In WT rats, particularly in females, treatment with high dose infigratinib led to significant changes in molar development, including morphological changes in the crown and shorter, thinner roots. At PND7, when infigratinib administration began, the stage of the third molar in rats corresponds to tooth stages present in children aged 3-18 years old, dependent on the tooth type and position 70,104. In normal adolescents within this age range, dental complications that may arise due to compromised dentin/enamel, shorter roots, and altered crown morphology include periodontal disease, malocclusion, increased fragility of teeth, and increased susceptibility of caries. However, our toxicokinetic studies suggest that infigratinib related disturbances will occur primarily in ages where liver enzymes are not fully mature. Although immature tooth stages exist in children after age 3, the actual infigratinib exposure will be much lower relative to the dose administered as liver enzymes have sufficiently matured by this age. Thus, supratherapeutic doses of infigratinib would likely be required for increased susceptibility to dental complications in humans, and only before tooth development is complete.
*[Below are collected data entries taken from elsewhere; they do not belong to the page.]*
(* Let $G=(V,E,w)$ be a connected edge-weighted graph with positive rational weights, at least two vertices, and maximum degree $\Delta$. The greedy algorithm applied to $U=V$ and the function $f=h+c$ returns a WPPICDS $S$ with $$|S|\le\Big(2+\ln\big(\tfrac32\cdot L\cdot W+\Delta\big)\Big)\cdot|S^*|,$$ where $S^*$ is a minimum-cardinality WPPICDS.
   Context: $N_A(v)=N(v)\cap A$, $W_A(v)=\sum_{u\in N_A(v)}w_{(v,u)}$, $W(v)=W_V(v)$, $W=\max_v W(v)$. $h(A)=\sum_{v\in V}h_A(v)$ with $h_A(v)=W(v)/2$ if $v\in A$ or $W_A(v)\ge W(v)/2$, and $h_A(v)=W_A(v)$ otherwise. For $v$ with incident edge weights $w_1,\dots,w_d$, write $w_0=W(v)/2$ and each $w_i$ as a reduced fraction $p_i/q_i$; $l(v)=\mathrm{lcm}\{q_0,\dots,q_d\}$, $L=\max_v l(v)$. $p(A)$ is the number of connected components of $G[A]$ ($p(\emptyset)=0$), $q(A)$ the number of connected components of the spanning subgraph $(V,\{e\in E: e\text{ has at least one endpoint in }A\})$, $c(A)=\frac1L(|V|-q(A)-p(A))$. The greedy algorithm: start with $S=\emptyset$; while some $u\in V\setminus S$ has $f(S\cup\{u\})-f(S)>0$, add to $S$ an element maximizing this increment (ties arbitrary); return $S$. A WPPICDS is a set $S\subseteq V$ such that every $v\in V\setminus S$ satisfies $W_S(v)\ge W(v)/2$ and $G[S]$ is connected. *)

theory Defs
  imports Complex_Main
begin

definition nbrs :: "'a set \<Rightarrow> ('a \<Rightarrow> 'a \<Rightarrow> bool) \<Rightarrow> 'a \<Rightarrow> 'a set" where
  "nbrs V E v = {u \<in> V. E v u}"

definition num_comps :: "'a set \<Rightarrow> ('a \<Rightarrow> 'a \<Rightarrow> bool) \<Rightarrow> nat" where
  "num_comps X R = card {{y \<in> X. (x, y) \<in> {(a, b). a \<in> X \<and> b \<in> X \<and> R a b}\<^sup>*} | x. x \<in> X}"

definition simple_graph :: "'a set \<Rightarrow> ('a \<Rightarrow> 'a \<Rightarrow> bool) \<Rightarrow> bool" where
  "simple_graph V E \<longleftrightarrow> finite V \<and> (\<forall>u v. E u v \<longrightarrow> u \<in> V \<and> v \<in> V)
     \<and> (\<forall>u v. E u v \<longrightarrow> E v u) \<and> (\<forall>v. \<not> E v v)"

definition max_degree :: "'a set \<Rightarrow> ('a \<Rightarrow> 'a \<Rightarrow> bool) \<Rightarrow> nat" where
  "max_degree V E = Max ((\<lambda>v. card (nbrs V E v)) ` V)"

definition WA :: "'a set \<Rightarrow> ('a \<Rightarrow> 'a \<Rightarrow> bool) \<Rightarrow> ('a \<Rightarrow> 'a \<Rightarrow> rat) \<Rightarrow> 'a set \<Rightarrow> 'a \<Rightarrow> rat" where
  "WA V E w A v = (\<Sum>u \<in> nbrs V E v \<inter> A. w v u)"

definition Wmax :: "'a set \<Rightarrow> ('a \<Rightarrow> 'a \<Rightarrow> bool) \<Rightarrow> ('a \<Rightarrow> 'a \<Rightarrow> rat) \<Rightarrow> rat" where
  "Wmax V E w = Max ((\<lambda>v. WA V E w V v) ` V)"

definition hA :: "'a set \<Rightarrow> ('a \<Rightarrow> 'a \<Rightarrow> bool) \<Rightarrow> ('a \<Rightarrow> 'a \<Rightarrow> rat) \<Rightarrow> 'a set \<Rightarrow> 'a \<Rightarrow> rat" where
  "hA V E w A v = (if v \<in> A \<or> WA V E w A v \<ge> WA V E w V v / 2 then WA V E w V v / 2
                   else WA V E w A v)"

definition hfun :: "'a set \<Rightarrow> ('a \<Rightarrow> 'a \<Rightarrow> bool) \<Rightarrow> ('a \<Rightarrow> 'a \<Rightarrow> rat) \<Rightarrow> 'a set \<Rightarrow> rat" where
  "hfun V E w A = (\<Sum>v \<in> V. hA V E w A v)"

definition denom :: "rat \<Rightarrow> int" where
  "denom x = snd (quotient_of x)"

definition lv :: "'a set \<Rightarrow> ('a \<Rightarrow> 'a \<Rightarrow> bool) \<Rightarrow> ('a \<Rightarrow> 'a \<Rightarrow> rat) \<Rightarrow> 'a \<Rightarrow> int" where
  "lv V E w v = Lcm (insert (denom (WA V E w V v / 2)) ((\<lambda>u. denom (w v u)) ` nbrs V E v))"

definition Lmax :: "'a set \<Rightarrow> ('a \<Rightarrow> 'a \<Rightarrow> bool) \<Rightarrow> ('a \<Rightarrow> 'a \<Rightarrow> rat) \<Rightarrow> int" where
  "Lmax V E w = Max ((\<lambda>v. lv V E w v) ` V)"

definition pfun :: "'a set \<Rightarrow> ('a \<Rightarrow> 'a \<Rightarrow> bool) \<Rightarrow> 'a set \<Rightarrow> nat" where
  "pfun V E A = num_comps A E"

definition qfun :: "'a set \<Rightarrow> ('a \<Rightarrow> 'a \<Rightarrow> bool) \<Rightarrow> 'a set \<Rightarrow> nat" where
  "qfun V E A = num_comps V (\<lambda>a b. E a b \<and> (a \<in> A \<or> b \<in> A))"

definition cfun :: "'a set \<Rightarrow> ('a \<Rightarrow> 'a \<Rightarrow> bool) \<Rightarrow> ('a \<Rightarrow> 'a \<Rightarrow> rat) \<Rightarrow> 'a set \<Rightarrow> real" where
  "cfun V E w A = (real (card V) - real (qfun V E A) - real (pfun V E A)) / real_of_int (Lmax V E w)"

definition ffun :: "'a set \<Rightarrow> ('a \<Rightarrow> 'a \<Rightarrow> bool) \<Rightarrow> ('a \<Rightarrow> 'a \<Rightarrow> rat) \<Rightarrow> 'a set \<Rightarrow> real" where
  "ffun V E w A = real_of_rat (hfun V E w A) + cfun V E w A"

text \<open>Sets reachable by a run of the greedy algorithm (ties broken arbitrarily).\<close>
inductive greedy_reach :: "('a set \<Rightarrow> real) \<Rightarrow> 'a set \<Rightarrow> 'a set \<Rightarrow> bool" for f U where
  start: "greedy_reach f U {}"
| step: "greedy_reach f U S \<Longrightarrow> u \<in> U - S \<Longrightarrow> f (S \<union> {u}) - f S > 0
         \<Longrightarrow> (\<forall>u' \<in> U - S. f (S \<union> {u'}) - f S \<le> f (S \<union> {u}) - f S)
         \<Longrightarrow> greedy_reach f U (S \<union> {u})"

definition greedy_output :: "('a set \<Rightarrow> real) \<Rightarrow> 'a set \<Rightarrow> 'a set \<Rightarrow> bool" where
  "greedy_output f U S \<longleftrightarrow> greedy_reach f U S \<and> (\<forall>u \<in> U - S. \<not> f (S \<union> {u}) - f S > 0)"

definition is_WPPICDS :: "'a set \<Rightarrow> ('a \<Rightarrow> 'a \<Rightarrow> bool) \<Rightarrow> ('a \<Rightarrow> 'a \<Rightarrow> rat) \<Rightarrow> 'a set \<Rightarrow> bool" where
  "is_WPPICDS V E w S \<longleftrightarrow> S \<subseteq> V
     \<and> (\<forall>v \<in> V - S. WA V E w S v \<ge> WA V E w V v / 2)
     \<and> num_comps S E = 1"

end

(*
  The function f = h + c attains its maximum fmax exactly on the WPPICDSs: h is maximal iff the set
  is half-dominating, c iff both the graph of edges touching the set and the induced subgraph are
  connected. Whenever one of these fails, some vertex has a positive increment, so the greedy
  output is a WPPICDS.

  For the size bound fix a WPPICDS B. Submodularity of the capped coverage h, together with a count
  of the components merged when B is grown as a connected set, shows that the increments of the
  vertices of B recover the deficit fmax - f(A) up to (|B| - 1) / L. Scaled by L, positive increments
  are at least 1, so the scaled deficit minus |B| - 1 shrinks by the factor 1 - 1/|B| per step until
  it drops below |B| (at most |B| ln(3/2 L W + Delta) steps, the starting value being bounded via
  single-vertex increments), and from then on at most 2|B| further steps are possible.
*)
theory Submission
  imports Defs
begin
Following tooth development, our results suggest that infigratinib may be protective against root resorption. This may indicate FGFR roles in osteoclast activity or may be an independent, indirect effect of infigratinib treatment. Further investigation is needed to determine if infigratinib can be used to modulate bone modeling/remodeling into adulthood. We did not detect any alterations in dental tissues from low dose infigratinib, suggesting that a comparable dose can be used clinically without any detriment to dentoalveolar development. As our studies here did not use an animal model for achondroplasia, and as the dental phenotype in neither patients nor the mouse model for achondroplasia has been well studied, implications of these findings for patients with FGFR3-mediated achondroplasia warrant additional studies.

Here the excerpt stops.